As states continue the process of redetermining beneficiaries’ Medicaid eligibility, this resource will help track transitions in coverage. Specifically, it will present rates of primary source of health insurance coverage by type (Employer/Military, Direct Purchase, Medicaid/CHIP) and rates of no insurance as they are observed in the HPS. Estimates will be presented at the state and national level by selected individual and geographic characteristics. The survey does not include children, so the analysis is limited to adults 18 and older.
This blog will be updated on a monthly basis as new HPS data are released and compare the latest monthly coverage estimates (reference above in the subtitle) to estimates from March 2023, the last month before the unwinding began.
Highlighted Findings
Limited to statistically significant changes at the 95% confidence level.
- Compared to March 2023, ESI/Military coverage fell 1.6 percentage points (PP) to 52.1% among all adults in September. This decrease was reflected across several groups:
- Adults age 65 or older (2.4PP)
- White, non-Hispanic adults (2.1PP)
- Adults living in Medicaid expansion states (1.7PP)
- The uninsurance rate overall did not change significantly. While uninsurance rates among adults age 65 or older fell 1.1PP, significant increases were seen in the following groups:
- Adults age 18 - 64 (1.2PP)
- White, non-Hispanic adults (1.1PP)
- Adults with prior year household incomes of $50,000 - $74,999.

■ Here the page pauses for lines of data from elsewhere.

(* Let $(P_X,P_{Y|X})$ be an input/channel pair and let $(P_\Theta,P_{\Phi|\Theta})$ be the corresponding normalized input/channel pair. Then: (i) $\Phi\sim\mathcal U$; (ii) $I(\Theta;\Phi)=I(X;Y)$; (iii) the joint distribution $P_{\Theta\Phi}$ is proper (absolutely continuous w.r.t. Lebesgue measure on $(0,1)^2$); (iv) the conditional c.d.f. $F_{\Theta|\Phi}(\theta|\phi)$ is continuous in $\theta$ for $P_\Phi$-almost all $\phi\in(0,1)$.
   Context: All real r.v.'s are mixtures of absolutely continuous and discrete parts; $F_X$ is a c.d.f., $F_X^{-1}(t)=\inf\{x:F_X(x)>t\}$, $P_Y(\{y\})=\Pr(Y=y)$, $\mathcal U$ is the uniform distribution on $(0,1)$. An input/channel pair $(P_X,P_{Y|X})$ consists of a memoryless channel $P_{Y|X}$ and a distribution $P_X$ supported in its input alphabet with $I(X;Y)<\infty$; $P_Y$ is the induced output distribution. Normalized channel: let $\Theta\sim\mathcal U$; given $\Theta=\theta$ let $Y\sim P_{Y|X}(\cdot|F_X^{-1}(\theta))$; let $\Lambda\sim\mathcal U$ be independent of $(\Theta,Y)$; set $\Phi=F_Y(Y)-P_Y(\{Y\})\Lambda$. $P_{\Phi|\Theta}$ is the normalized channel and $P_\Theta=\mathcal U$ the normalized input. *)

theory Defs
  imports "HOL-Probability.Probability"
begin

definition quantile :: "(real \<Rightarrow> real) \<Rightarrow> real \<Rightarrow> real" where
  "quantile F t = Inf {x. F x > t}"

- Rates of any Medicaid fell 4.2PP among adults with prior year household incomes of $50,000 - $74,999. Rates among all adults held steady at 18.0%.
- The rate of Direct Purchase coverage increased in adults with prior year household incomes of $50,000 - $74,999.
- There were few meaningful changes in rates of Medicaid/CHIP as a primary source of coverage.
Select a coverage type from the orange box on the right in the dashboard below to filter the visualizations.
Methods and Data
This analysis uses public use microdata from the Household Pulse Survey (HPS), a monthly, nationally representative, quick-turnaround survey that collects data on topics including household demographics, education, employment, food sufficiency, financial spending, housing security, and physical and mental health, in addition to current health insurance coverage.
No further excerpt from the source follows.